In Section II, we will analyze the optimization problems, together with its decision counterparts, and their complexities. In Section III, some algorithms used in practice are shown. In Section IV, some potential issues are discussed. In Appendix, we will list the holds that we have tried, and show some tricks and how we use the algorithm to optimize them.
II Complexity

In DROD RPG, we have a player, who has some stats (for example, HP, ATK, YK). A hold consists of many rooms which are connected with each other in certain ways, and each room consists of some resources (for example, potions, gems, or even monsters). The player wants to go from one room, called entrance, to another room, called exit, without ever running out of resources. Later, we will simply refer this as the puzzle.

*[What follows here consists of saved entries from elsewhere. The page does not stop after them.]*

(* Let $T$ be a real with $0<T\le1$. For every $\alpha\in\mathbb{R}$, $\alpha$ is an r.e. $T$-convergent real if and only if there exists a $T$-convergent, computable, increasing sequence of reals which converges to $\alpha$.
   Context: A sequence $\{a_n\}$ is increasing if $a_{n+1}>a_n$ for all $n$. An increasing sequence $\{a_n\}$ of reals is $T$-convergent if $\sum_{n=0}^\infty(a_{n+1}-a_n)^T<\infty$. A real is r.e. if it is the limit of a computable increasing sequence of rationals; an r.e. real $\alpha$ is $T$-convergent if there is a $T$-convergent computable increasing sequence of rationals converging to $\alpha$. A sequence $\{a_n\}$ of reals is computable if there is a total recursive $f:\mathbb{N}\times\mathbb{N}\to\mathbb{Q}$ with $|a_n-f(n,m)|<2^{-m}$ for all $n,m$. *)

theory Defs
  imports Complex_Main "HOL-Library.Nat_Bijection"
begin

datatype recf = Zer | Suc_f | Proj nat | Comp recf "recf list" | Prec recf recf | Mu recf

inductive evalr :: "recf \<Rightarrow> nat list \<Rightarrow> nat \<Rightarrow> bool" where
  zer: "evalr Zer xs 0"
| suc: "evalr Suc_f (x # xs) (Suc x)"
| proj: "i < length xs \<Longrightarrow> evalr (Proj i) xs (xs ! i)"
| comp: "length ys = length gs \<Longrightarrow> (\<forall>i<length gs. evalr (gs ! i) xs (ys ! i))
          \<Longrightarrow> evalr f ys z \<Longrightarrow> evalr (Comp f gs) xs z"
| prec0: "evalr f xs z \<Longrightarrow> evalr (Prec f g) (0 # xs) z"
| precS: "evalr (Prec f g) (n # xs) y \<Longrightarrow> evalr g (y # n # xs) z
          \<Longrightarrow> evalr (Prec f g) (Suc n # xs) z"
| mu: "evalr f (n # xs) 0 \<Longrightarrow> (\<forall>m<n. \<exists>k. evalr f (m # xs) (Suc k))
          \<Longrightarrow> evalr (Mu f) xs n"

definition total_recursive :: "(nat \<Rightarrow> nat) \<Rightarrow> bool" where
  "total_recursive h \<longleftrightarrow> (\<exists>r. \<forall>n. evalr r [n] (h n))"

text \<open>Standard coding of rationals by naturals: k codes (a - b)/(c+1) where
k = <a,<b,c>> (Cantor pairing). Every rational has a code.\<close>
definition rat_decode :: "nat \<Rightarrow> rat" where
  "rat_decode k = (case prod_decode k of (a, r) \<Rightarrow>
     (case prod_decode r of (b, c) \<Rightarrow> (of_nat a - of_nat b) / of_nat (c + 1)))"

definition computable_rat_seq :: "(nat \<Rightarrow> rat) \<Rightarrow> bool" where
  "computable_rat_seq q \<longleftrightarrow> (\<exists>h. total_recursive h \<and> (\<forall>n. q n = rat_decode (h n)))"

definition computable_rat_fun2 :: "(nat \<Rightarrow> nat \<Rightarrow> rat) \<Rightarrow> bool" where
  "computable_rat_fun2 f \<longleftrightarrow>
     (\<exists>h. total_recursive h \<and> (\<forall>n m. f n m = rat_decode (h (prod_encode (n, m)))))"

definition computable_real_seq :: "(nat \<Rightarrow> real) \<Rightarrow> bool" where
  "computable_real_seq a \<longleftrightarrow> (\<exists>f. computable_rat_fun2 f \<and>
     (\<forall>n m. \<bar>a n - real_of_rat (f n m)\<bar> < (1/2) ^ m))"

definition increasing_seq :: "(nat \<Rightarrow> real) \<Rightarrow> bool" where
  "increasing_seq a \<longleftrightarrow> (\<forall>n. a (Suc n) > a n)"

definition T_convergent :: "real \<Rightarrow> (nat \<Rightarrow> real) \<Rightarrow> bool" where
  "T_convergent T a \<longleftrightarrow> increasing_seq a \<and> summable (\<lambda>n. (a (Suc n) - a n) powr T)"

definition re_real :: "real \<Rightarrow> bool" where
  "re_real \<alpha> \<longleftrightarrow> (\<exists>q. computable_rat_seq q \<and> increasing_seq (\<lambda>n. real_of_rat (q n))
                      \<and> (\<lambda>n. real_of_rat (q n)) \<longlonglongrightarrow> \<alpha>)"

definition re_T_convergent :: "real \<Rightarrow> real \<Rightarrow> bool" where
  "re_T_convergent T \<alpha> \<longleftrightarrow> re_real \<alpha> \<and>
     (\<exists>q. computable_rat_seq q \<and> T_convergent T (\<lambda>n. real_of_rat (q n))
          \<and> (\<lambda>n. real_of_rat (q n)) \<longlonglongrightarrow> \<alpha>)"

end

theory Submission
  imports Defs
begin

Note that the rooms here are referring to an abstract concept of the rooms in DROD. They are more like the corridors in DROD. We assume the following axioms:
* if the player decides to visit a room, then the player must gather every resource in the room in a predescribed order (for example, yellow door, monster, then yellow keys);
* the player can only visit a room that is adjacent to a visited room;
* the player can only visit a room if the visited rooms satisfy some predescribed property (this allows the puzzle to create situations like choosing at most one from multiple rooms);
* a room cannot be visited twice.
These axioms alone are not enough to cover all the possible puzzles. We will use it as a base line, and add more mild axioms if necessary.
Let us consider one very simple class of puzzles, a puzzle consisting of only one kind of resource. For example, a hold consisting of only yellow keys and yellow doors (1 YD can be viewed as 1 YK), or a hold consists of only potions and monsters/hot tiles that deal only constant damages regardless the player's stats. In 2018 Year of RPG Compilation, the entry Suprematism of Health by Skell is such a hold.

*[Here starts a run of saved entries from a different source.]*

(* Let $n\ge2$, let $\mathcal T_n$ be the set of rooted trees with vertices labeled $1,\dots,n$, and let $\sigma_1,\dots,\sigma_{n-1}:\mathcal T_n\to\mathcal T_n$ be the maps defined in the context. Let $\delta_n=\sigma_1\sigma_2\cdots\sigma_{n-1}$ (apply $\sigma_{n-1}$ first). Then for every $T\in\mathcal T_n$, $\delta_nT=T^+$, where $T^+$ is the tree obtained from $T$ by increasing every label by $1$ modulo $n$ (so label $n$ becomes $1$). In particular $\delta_n\sigma_iT=\sigma_{i+1}\delta_nT$ for all $T$ and all $1\le i\le n-2$.
   Context: Write $v_i$ for the vertex labeled $i$ of $T\in\mathcal T_n$. Definition of $\sigma_iT$ for $1\le i\le n-1$: if $v_{i+1}$ is the root of $T$, then $\sigma_iT$ is $T$ with labels $i$ and $i+1$ interchanged. Otherwise form $T_+$ by adding a new vertex $v_0$ as parent of the root, and write $a\to b$ if $a$ is the parent of $b$ in $T_+$; then: (0) if neither of $v_i,v_{i+1}$ is the parent of the other and they do not have the same parent, $\sigma_iT$ is $T$ with labels $i,i+1$ interchanged; (1) if $v_k\to v_i\to v_{i+1}$, then $\sigma_iT$ has $v_k\to v_{i+1}\to v_i$, and all other parent-child relations (in particular the other children of $v_i$ and of $v_{i+1}$) are unchanged; (2) if $v_k\to v_{i+1}\to v_i$, then in $\sigma_iT$ both $v_i$ and $v_{i+1}$ are children of $v_k$, the sets of other children of $v_i$ and of $v_{i+1}$ are interchanged, and all other relations are unchanged; (3) if $v_i,v_{i+1}$ have the same parent $v_k$, then first the sets of children of $v_i$ and $v_{i+1}$ are interchanged and then $v_{i+1}$ is made a child of $v_i$, so $v_k\to v_i\to v_{i+1}$. In cases (1)-(3), deleting $v_0$ gives $\sigma_iT\in\mathcal T_n$ whose root is the child of $v_0$. *)

theory Defs
  imports Main
begin

text \<open>A rooted tree on vertex labels 1..n is encoded by its parent function in T_+:
  p v is the label of the parent of vertex v, where 0 denotes the extra vertex v_0
  (the parent of the root).\<close>

definition rtree :: "nat \<Rightarrow> (nat \<Rightarrow> nat) \<Rightarrow> bool" where
  "rtree n p \<longleftrightarrow>
     (\<forall>v. v \<notin> {1..n} \<longrightarrow> p v = 0) \<and>
     (\<forall>v\<in>{1..n}. p v \<le> n) \<and>
     card {v\<in>{1..n}. p v = 0} = 1 \<and>
     (\<forall>v\<in>{1..n}. \<exists>k. (p ^^ k) v = 0)"

definition trees :: "nat \<Rightarrow> (nat \<Rightarrow> nat) set" where
  "trees n = {p. rtree n p}"

definition swl :: "nat \<Rightarrow> nat \<Rightarrow> nat \<Rightarrow> nat" where
  "swl a b x = (if x = a then b else if x = b then a else x)"

definition relabel_swap :: "nat \<Rightarrow> (nat \<Rightarrow> nat) \<Rightarrow> (nat \<Rightarrow> nat)" where
  "relabel_swap i p = (\<lambda>v. swl i (i+1) (p (swl i (i+1) v)))"

definition sigma :: "nat \<Rightarrow> (nat \<Rightarrow> nat) \<Rightarrow> (nat \<Rightarrow> nat)" where
  "sigma i p =
    (if p (i+1) = 0 then relabel_swap i p
     else if p (i+1) = i then
       \<comment> \<open>case (1): v_k -> v_i -> v_(i+1)\<close>
       (\<lambda>v. if v = i then i+1 else if v = i+1 then p i else p v)
     else if p i = i+1 then
       \<comment> \<open>case (2): v_k -> v_(i+1) -> v_i\<close>
       (\<lambda>v. if v = i then p (i+1) else if v = i+1 then p (i+1)
            else swl i (i+1) (p v))
     else if p i = p (i+1) then
       \<comment> \<open>case (3): common parent v_k\<close>
       (\<lambda>v. if v = i then p i else if v = i+1 then i
            else swl i (i+1) (p v))
     else relabel_swap i p)"

definition delta :: "nat \<Rightarrow> (nat \<Rightarrow> nat) \<Rightarrow> (nat \<Rightarrow> nat)" where
  "delta n = foldr (\<lambda>i f. sigma i \<circ> f) [1..<n] id"

definition shift_lab :: "nat \<Rightarrow> nat \<Rightarrow> nat" where
  "shift_lab n v = (if v = 0 then 0 else v mod n + 1)"

definition tplus :: "nat \<Rightarrow> (nat \<Rightarrow> nat) \<Rightarrow> (nat \<Rightarrow> nat)" where
  "tplus n p = (\<lambda>w. if w \<in> {1..n}
                     then shift_lab n (p (if w = 1 then n else w - 1))
                     else 0)"

end

theory Submission
  imports Defs
begin

(* A tree is handled through its parent function, and only two properties of it are used:
   all labels lie in 0..n, and there are no cycles of length at most 2. These survive sigma_i
   as soon as cycles of length 3 are excluded too, which avoids proving that sigma_i T is
   again a tree.

   sigma_i is the label transposition (i i+1) applied after a change of shape that refers to
   v_i and v_(i+1) only through parent relations, so it is equivariant under relabellings
   fixing 0. Conjugating sigma_j ... sigma_(n-1) T by the label cycle (j j+1 ... n), every
   factor sigma_i turns into this change of shape for the vertices i and n: vertex n keeps
   its label while it moves down, and each vertex it passes may be exchanged between being
   its sibling and its child. At j = 1 all these exchanges have been undone, so delta_n T
   is T relabelled by the cycle (1 2 ... n), which is T^+. Since that cycle maps i, i+1 to
   i+1, i+2, equivariance turns sigma_i into sigma_(i+1), giving the commutation rule. *)

definition parent_fun :: "nat \<Rightarrow> (nat \<Rightarrow> nat) \<Rightarrow> bool" where
  "parent_fun n p \<longleftrightarrow> (\<forall>v. v \<notin> {1..n} \<longrightarrow> p v = 0) \<and> (\<forall>v. p v \<le> n)"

The optimization problem asks us to find a way to go to the exit with largest amount of resources and without ever having a negative resource at any time. The decision counterpart is simply asking to find such a way from the entrance to the exit. These two problems are related each other, and we leave it as an exercise to the readers.
Prop. The puzzle decision problem is NPComplete, and the puzzle optimization problem is NPHard.
Proof.
We view a room as a vertex weighted by an integer. Suppose that we have a (edge)weighted graph G whose edgeweights are nonnegative integers. We create a vertexweighted graph H consists of two type of vertices:
* Type I: vertices with large fixed positive integers (compared with the edgeweights of G), which represents the vertices of G,
* Type II: vertices with weights being the negation of the edgeweights of G, which represent the edges of G,
so that the graph H encodes the graph G. Put it in another way, the graph H is the subdivision of G such that exactly one vertex is added for each edge, and that the vertices are suitable weighted.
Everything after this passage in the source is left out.